Ethics, Business Valuation, and Bias—Fourth Quarter 2021
Ethics, Business Valuation, and Bias
Michael A. Gregory
NACVA Ethics Oversight Chair
Having written a previous article on Have You Seen NACVA’s General and Ethical Standards?, I am making an assumption that you have and that you are familiar with the 11 categories found in the NACVA Professional Standards. Today, I want to turn your attention to just one standard and one subsection within that standard. That is: Standard II.A., Integrity and Objectivity. I see this as part of the foundation of what a NACVA designation stands for with the public.
II. General and Ethical Standards: A member shall perform professional services in compliance with the following principles:
A. Integrity and Objectivity: A member shall remain objective, maintain professional integrity, shall not knowingly misrepresent facts, or subrogate judgment to others. The member must not act in a manner that is misleading or fraudulent.
On the surface this sounds straightforward. Let us look at an analogy. If you were asked if you were a bad driver, you would likely indicate that you are not. There are bad drivers out there, but you are not one of them. What makes a bad driver? Might it be someone in a hurry? Someone that is inconsiderate? Someone who normally might be a very good driver, but something happened and as a result, at his moment, they are now an angry driver? Perhaps this is someone in an emergency helping someone else. What this may imply is even an exceptionally good driver may at some point and for some unrelated reason become a bad driver. So, what is the point related to business valuation?

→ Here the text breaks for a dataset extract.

(* Let $\{\hat f_n\}_{n\in\mathbb N}\subset L_0(\hat\nabla,\hat\mu)$ with representing sections $\omega\mapsto f_n(\omega)$. (1) If $\hat f_n\xrightarrow{(o)}\hat f$ in $L_0(\hat\nabla,\hat\mu)$ for some $\hat f\in L_0(\hat\nabla,\hat\mu)$ (with representing section $\omega\mapsto f(\omega)$), then $f_n(\omega)\xrightarrow{(o)} f(\omega)$ in $L_0(\nabla_\omega,\mu_\omega)$ for $\lambda$-almost every $\omega\in\Omega$. (2) Conversely, if for $\lambda$-almost every $\omega\in\Omega$ there is $g(\omega)\in L_0(\nabla_\omega,\mu_\omega)$ with $f_n(\omega)\xrightarrow{(o)} g(\omega)$ in $L_0(\nabla_\omega,\mu_\omega)$, then the section $\omega\mapsto g(\omega)$ defines an element $\hat g\in L_0(\hat\nabla,\hat\mu)$ and $\hat f_n\xrightarrow{(o)}\hat g$ in $L_0(\hat\nabla,\hat\mu)$.
   Context: $(\Omega,\Sigma,\lambda)$ is a measure space with finite measure $\lambda$; $L_0(\Omega)$ is the algebra of (classes of a.e. equal) measurable real functions on $\Omega$. For each $\omega\in\Omega$, $\nabla_\omega$ is a complete Boolean algebra carrying a strictly positive finite real-valued measure $\mu_\omega$. The assignment $\omega\mapsto\nabla_\omega$ together with a set $L$ of sections forms a measurable bundle of Boolean algebras over $\Omega$. $\hat\nabla$ denotes the complete Boolean algebra of classes (modulo a.e. equality) of measurable sections $\omega\mapsto e(\omega)\in\nabla_\omega$, and $\hat\mu:\hat\nabla\to L_0(\Omega)$ is the strictly positive $L_0(\Omega)$-valued measure $\hat\mu(\hat e)=$ class of $\omega\mapsto\mu_\omega(e(\omega))$. $L_0(\hat\nabla,\hat\mu)$ is the order complete vector lattice $C_\infty(Q(\hat\nabla))$, and $L_0(\nabla_\omega,\mu_\omega)$ the usual space of measurable functions over $(\nabla_\omega,\mu_\omega)$ with metric $\rho_\omega(a,b)=\int\frac{|a-b|}{1+|a-b|}d\mu_\omega$. It is known that $L_0(\hat\nabla,\hat\mu)$ is identified with the space of classes (mod a.e. equality) of measurable sections $\omega\mapsto f(\omega)\in L_0(\nabla_\omega,\mu_\omega)$ (a.e. $\rho_\omega$-limits of step sections); under this identification $\hat f\le\hat g$ iff $f(\omega)\le g(\omega)$ a.e. In a vector lattice, a sequence $x_n$ is $(o)$-convergent to $x$ (order convergence) if there is a sequence $y_n\downarrow 0$ with $|x_n-x|\le y_n$ for all $n$; in $L_0(\nabla_\omega,\mu_\omega)$ this coincides with $\mu_\omega$-a.e. convergence. *)

theory Defs
  imports "HOL-Analysis.Analysis"
begin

The point is that even an excellent business valuer can have a bad day, a bad moment, a lapse in judgment,and make a mistake. Knowing this, you must recognize this could happen to you and take steps to remain an unbiased professional with any document with your name on it. As a professional, what can you do to remain calm, confident, and competent when faced with a client with a particular point of view who wants you to promote that perspective when you must meet Standard II.A.above? You are required to remain objective, yet you, like everyone else, is human and has biases.
What is bias and how is bias defined? As a noun, bias is defined as “prejudice in favor of or against one thing, person, or group compared with another, usually in a way considered to be unfair.” As a verb, bias is defined as “cause to feel or show inclination or prejudice for or against someone or something.”
When a potential client or current client reaches out to you for an engagement, often that client has a particular perspective. As a business valuer, you in theory are to remain professional with high integrity and be objective. However, whether you may potentially be demonizing the other side, or you may develop a sense of ownership towards your client, you may be making decisions that have bias towards your client whether you are conscious of this or not. So, how do you prevent yourself from becoming the “bad driver”, so to speak, and prevent your personal bias from impacting your professional opinion, and potentially favoring your client?
Different Typesof Bias
Educate yourself on various cognitive biases that you have.
Be aware of confirmation bias for example. That is, you tend to look for and identify results that confirm what you wanted to find. You may reject information that does not conform to what you were expecting to find. If you have worked other similar entities, keep in mind that your expertise may be a great asset, but you may have misjudged the facts in your case.
With anchoring bias, you may accept initial findings and stop. If you were to dig deeper to find out what is behind the initial facts or numbers, you may discover that you jumped to your conclusions too quickly. Recently, upon a review of a valuation case, the valuer indicated that the firm was not profitable. A further review revealed unreasonable expenses that made the firm unprofitable. Slow down and ask yourself why.
Be aware that if you have been litigating and winning, you may develop an overconfident bias. On the other hand, if you have been litigating and losing, you may develop an under-confidence bias. Being aware of your own feelings of discomfort is an excellent peek into your unconscious bias. The result of your last negotiation can set up your attitude towards your next negotiation or valuation for example.
Be aware of attribution error or blame. Avoid the two stinky twins of BO and BS—blaming others or blaming self. If you find yourself blaming anyone, pause. Focus on the problem and not the individual. Be tough on the problem and gentle on the people, including yourself.
Be aware that you have bias. Recognition may allow you to take an opposite view to determine what indeedmay be “reasonable” given the facts. This is one of the key areas of overcoming your bias.
Consider multiple perspectives. What is the best scenario, the worst scenario, and the most likely scenario from your understanding of the facts? Given these three scenarios, what do you see as potential probabilities for each of these scenarios? This may allow you to look at your own analysis from a different perspective.
Reflect on previous work. Why did you choose what you did? How did that work out? What have you learned from that experience that may influence this analysis? Be careful not to be caught in the same trap next time. Be careful not to assume from what you learned last time that it will be the same this time. Be conscious of your bias.
Always be conscious of Standard II.A. regarding integrity and objectivity. Realize that you, just like everyone else, has bias. Recognize your bias and take actions to ensure the reasonableness of your assumptions, the selection of your approaches, and your application of judgment to the facts. Bias will still be there, but by consciously reflecting on your own biases you can minimize the impact. This will enhance your objectivity and present you as a better expert to a third party or the trier of fact.